--- Supplied entries ---

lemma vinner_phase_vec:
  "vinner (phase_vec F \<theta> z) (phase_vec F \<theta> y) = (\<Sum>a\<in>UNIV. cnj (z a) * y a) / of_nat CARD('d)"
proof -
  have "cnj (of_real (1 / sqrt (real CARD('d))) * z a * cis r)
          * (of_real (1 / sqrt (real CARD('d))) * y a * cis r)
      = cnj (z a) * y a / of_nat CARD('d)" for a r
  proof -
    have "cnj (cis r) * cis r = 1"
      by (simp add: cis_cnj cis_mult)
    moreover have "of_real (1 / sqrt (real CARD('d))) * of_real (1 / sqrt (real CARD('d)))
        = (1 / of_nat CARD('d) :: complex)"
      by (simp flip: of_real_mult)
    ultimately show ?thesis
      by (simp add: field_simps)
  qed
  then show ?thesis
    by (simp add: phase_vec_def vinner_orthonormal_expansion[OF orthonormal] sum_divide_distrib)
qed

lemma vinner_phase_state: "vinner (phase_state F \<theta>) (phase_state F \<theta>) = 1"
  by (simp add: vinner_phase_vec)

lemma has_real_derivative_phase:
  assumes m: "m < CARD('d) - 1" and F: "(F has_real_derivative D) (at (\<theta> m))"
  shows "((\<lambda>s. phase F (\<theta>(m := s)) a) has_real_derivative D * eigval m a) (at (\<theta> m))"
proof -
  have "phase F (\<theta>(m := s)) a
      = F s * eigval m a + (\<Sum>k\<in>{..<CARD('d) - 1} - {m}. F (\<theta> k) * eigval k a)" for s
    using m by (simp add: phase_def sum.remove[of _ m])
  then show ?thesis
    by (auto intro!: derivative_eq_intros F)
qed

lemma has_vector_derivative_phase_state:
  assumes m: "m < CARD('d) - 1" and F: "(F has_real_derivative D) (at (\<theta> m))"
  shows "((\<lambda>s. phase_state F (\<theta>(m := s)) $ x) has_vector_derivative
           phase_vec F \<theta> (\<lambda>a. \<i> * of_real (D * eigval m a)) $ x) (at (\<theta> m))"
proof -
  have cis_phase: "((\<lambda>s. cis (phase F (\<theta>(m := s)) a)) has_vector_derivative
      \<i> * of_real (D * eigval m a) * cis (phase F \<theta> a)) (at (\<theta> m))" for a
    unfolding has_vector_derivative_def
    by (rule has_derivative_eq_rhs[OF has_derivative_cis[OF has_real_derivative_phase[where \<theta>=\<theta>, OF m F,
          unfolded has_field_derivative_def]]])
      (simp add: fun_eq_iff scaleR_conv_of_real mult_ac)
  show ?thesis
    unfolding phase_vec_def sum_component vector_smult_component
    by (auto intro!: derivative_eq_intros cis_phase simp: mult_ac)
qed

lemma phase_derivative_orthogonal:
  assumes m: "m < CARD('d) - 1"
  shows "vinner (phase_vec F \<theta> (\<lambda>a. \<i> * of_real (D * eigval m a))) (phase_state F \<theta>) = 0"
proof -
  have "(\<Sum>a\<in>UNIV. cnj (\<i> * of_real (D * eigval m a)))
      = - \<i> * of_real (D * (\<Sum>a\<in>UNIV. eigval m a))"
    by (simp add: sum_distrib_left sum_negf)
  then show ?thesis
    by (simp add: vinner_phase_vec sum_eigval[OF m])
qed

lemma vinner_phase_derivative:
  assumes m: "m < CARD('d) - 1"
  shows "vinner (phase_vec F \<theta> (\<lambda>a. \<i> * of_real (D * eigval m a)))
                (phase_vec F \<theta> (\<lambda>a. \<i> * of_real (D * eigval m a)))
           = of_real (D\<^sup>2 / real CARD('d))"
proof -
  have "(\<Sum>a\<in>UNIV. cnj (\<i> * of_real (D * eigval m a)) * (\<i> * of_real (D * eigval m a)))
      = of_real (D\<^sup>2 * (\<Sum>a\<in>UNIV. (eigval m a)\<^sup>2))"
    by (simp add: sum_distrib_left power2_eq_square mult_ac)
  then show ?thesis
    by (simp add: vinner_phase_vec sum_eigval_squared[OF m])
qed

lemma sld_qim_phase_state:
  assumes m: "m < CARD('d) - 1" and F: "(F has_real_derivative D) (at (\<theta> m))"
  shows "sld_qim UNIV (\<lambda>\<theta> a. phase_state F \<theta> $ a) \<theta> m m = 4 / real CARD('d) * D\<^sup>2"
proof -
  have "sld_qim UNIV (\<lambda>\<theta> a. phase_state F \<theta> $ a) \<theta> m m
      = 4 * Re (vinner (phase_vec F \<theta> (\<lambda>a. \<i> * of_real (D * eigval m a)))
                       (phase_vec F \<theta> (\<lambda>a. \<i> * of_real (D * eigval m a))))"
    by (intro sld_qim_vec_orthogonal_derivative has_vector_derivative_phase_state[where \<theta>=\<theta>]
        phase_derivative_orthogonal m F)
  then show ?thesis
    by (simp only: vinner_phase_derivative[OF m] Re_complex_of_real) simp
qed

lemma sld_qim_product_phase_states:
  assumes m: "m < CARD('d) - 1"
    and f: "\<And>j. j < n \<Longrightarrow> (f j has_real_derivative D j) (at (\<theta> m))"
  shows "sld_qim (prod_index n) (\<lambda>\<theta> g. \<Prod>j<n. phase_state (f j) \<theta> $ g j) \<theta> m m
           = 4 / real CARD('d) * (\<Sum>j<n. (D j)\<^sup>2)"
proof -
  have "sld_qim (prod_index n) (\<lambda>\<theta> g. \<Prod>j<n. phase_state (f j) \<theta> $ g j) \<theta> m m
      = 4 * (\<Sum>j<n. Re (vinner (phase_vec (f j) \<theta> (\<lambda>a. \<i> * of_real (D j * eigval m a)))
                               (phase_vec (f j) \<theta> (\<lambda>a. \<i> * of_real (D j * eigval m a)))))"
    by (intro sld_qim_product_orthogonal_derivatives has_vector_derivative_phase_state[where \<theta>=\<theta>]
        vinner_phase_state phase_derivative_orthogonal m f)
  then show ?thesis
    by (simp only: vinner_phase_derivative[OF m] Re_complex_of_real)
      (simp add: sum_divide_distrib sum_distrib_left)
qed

---

**Task prompt**
Down to the last line, reproduce the entries above precisely.

**Task response**
lemma vinner_phase_vec:
  "vinner (phase_vec F \<theta> z) (phase_vec F \<theta> y) = (\<Sum>a\<in>UNIV. cnj (z a) * y a) / of_nat CARD('d)"
proof -
  have "cnj (of_real (1 / sqrt (real CARD('d))) * z a * cis r)
          * (of_real (1 / sqrt (real CARD('d))) * y a * cis r)
      = cnj (z a) * y a / of_nat CARD('d)" for a r
  proof -
    have "cnj (cis r) * cis r = 1"
      by (simp add: cis_cnj cis_mult)
    moreover have "of_real (1 / sqrt (real CARD('d))) * of_real (1 / sqrt (real CARD('d)))
        = (1 / of_nat CARD('d) :: complex)"
      by (simp flip: of_real_mult)
    ultimately show ?thesis
      by (simp add: field_simps)
  qed
  then show ?thesis
    by (simp add: phase_vec_def vinner_orthonormal_expansion[OF orthonormal] sum_divide_distrib)
qed

lemma vinner_phase_state: "vinner (phase_state F \<theta>) (phase_state F \<theta>) = 1"
  by (simp add: vinner_phase_vec)

lemma has_real_derivative_phase:
  assumes m: "m < CARD('d) - 1" and F: "(F has_real_derivative D) (at (\<theta> m))"
  shows "((\<lambda>s. phase F (\<theta>(m := s)) a) has_real_derivative D * eigval m a) (at (\<theta> m))"
proof -
  have "phase F (\<theta>(m := s)) a
      = F s * eigval m a + (\<Sum>k\<in>{..<CARD('d) - 1} - {m}. F (\<theta> k) * eigval k a)" for s
    using m by (simp add: phase_def sum.remove[of _ m])
  then show ?thesis
    by (auto intro!: derivative_eq_intros F)
qed

lemma has_vector_derivative_phase_state:
  assumes m: "m < CARD('d) - 1" and F: "(F has_real_derivative D) (at (\<theta> m))"
  shows "((\<lambda>s. phase_state F (\<theta>(m := s)) $ x) has_vector_derivative
           phase_vec F \<theta> (\<lambda>a. \<i> * of_real (D * eigval m a)) $ x) (at (\<theta> m))"
proof -
  have cis_phase: "((\<lambda>s. cis (phase F (\<theta>(m := s)) a)) has_vector_derivative
      \<i> * of_real (D * eigval m a) * cis (phase F \<theta> a)) (at (\<theta> m))" for a
    unfolding has_vector_derivative_def
    by (rule has_derivative_eq_rhs[OF has_derivative_cis[OF has_real_derivative_phase[where \<theta>=\<theta>, OF m F,
          unfolded has_field_derivative_def]]])
      (simp add: fun_eq_iff scaleR_conv_of_real mult_ac)
  show ?thesis
    unfolding phase_vec_def sum_component vector_smult_component
    by (auto intro!: derivative_eq_intros cis_phase simp: mult_ac)
qed

lemma phase_derivative_orthogonal:
  assumes m: "m < CARD('d) - 1"
  shows "vinner (phase_vec F \<theta> (\<lambda>a. \<i> * of_real (D * eigval m a))) (phase_state F \<theta>) = 0"
proof -
  have "(\<Sum>a\<in>UNIV. cnj (\<i> * of_real (D * eigval m a)))
      = - \<i> * of_real (D * (\<Sum>a\<in>UNIV. eigval m a))"
    by (simp add: sum_distrib_left sum_negf)
  then show ?thesis
    by (simp add: vinner_phase_vec sum_eigval[OF m])
qed

lemma vinner_phase_derivative:
  assumes m: "m < CARD('d) - 1"
  shows "vinner (phase_vec F \<theta> (\<lambda>a. \<i> * of_real (D * eigval m a)))
                (phase_vec F \<theta> (\<lambda>a. \<i> * of_real (D * eigval m a)))
           = of_real (D\<^sup>2 / real CARD('d))"
proof -
  have "(\<Sum>a\<in>UNIV. cnj (\<i> * of_real (D * eigval m a)) * (\<i> * of_real (D * eigval m a)))
      = of_real (D\<^sup>2 * (\<Sum>a\<in>UNIV. (eigval m a)\<^sup>2))"
    by (simp add: sum_distrib_left power2_eq_square mult_ac)
  then show ?thesis
    by (simp add: vinner_phase_vec sum_eigval_squared[OF m])
qed

lemma sld_qim_phase_state:
  assumes m: "m < CARD('d) - 1" and F: "(F has_real_derivative D) (at (\<theta> m))"
  shows "sld_qim UNIV (\<lambda>\<theta> a. phase_state F \<theta> $ a) \<theta> m m = 4 / real CARD('d) * D\<^sup>2"
proof -
  have "sld_qim UNIV (\<lambda>\<theta> a. phase_state F \<theta> $ a) \<theta> m m
      = 4 * Re (vinner (phase_vec F \<theta> (\<lambda>a. \<i> * of_real (D * eigval m a)))
                       (phase_vec F \<theta> (\<lambda>a. \<i> * of_real (D * eigval m a))))"
    by (intro sld_qim_vec_orthogonal_derivative has_vector_derivative_phase_state[where \<theta>=\<theta>]
        phase_derivative_orthogonal m F)
  then show ?thesis
    by (simp only: vinner_phase_derivative[OF m] Re_complex_of_real) simp
qed

lemma sld_qim_product_phase_states:
  assumes m: "m < CARD('d) - 1"
    and f: "\<And>j. j < n \<Longrightarrow> (f j has_real_derivative D j) (at (\<theta> m))"
  shows "sld_qim (prod_index n) (\<lambda>\<theta> g. \<Prod>j<n. phase_state (f j) \<theta> $ g j) \<theta> m m
           = 4 / real CARD('d) * (\<Sum>j<n. (D j)\<^sup>2)"
proof -
  have "sld_qim (prod_index n) (\<lambda>\<theta> g. \<Prod>j<n. phase_state (f j) \<theta> $ g j) \<theta> m m
      = 4 * (\<Sum>j<n. Re (vinner (phase_vec (f j) \<theta> (\<lambda>a. \<i> * of_real (D j * eigval m a)))
                               (phase_vec (f j) \<theta> (\<lambda>a. \<i> * of_real (D j * eigval m a)))))"
    by (intro sld_qim_product_orthogonal_derivatives has_vector_derivative_phase_state[where \<theta>=\<theta>]
        vinner_phase_state phase_derivative_orthogonal m f)
  then show ?thesis
    by (simp only: vinner_phase_derivative[OF m] Re_complex_of_real)
      (simp add: sum_divide_distrib sum_distrib_left)
qed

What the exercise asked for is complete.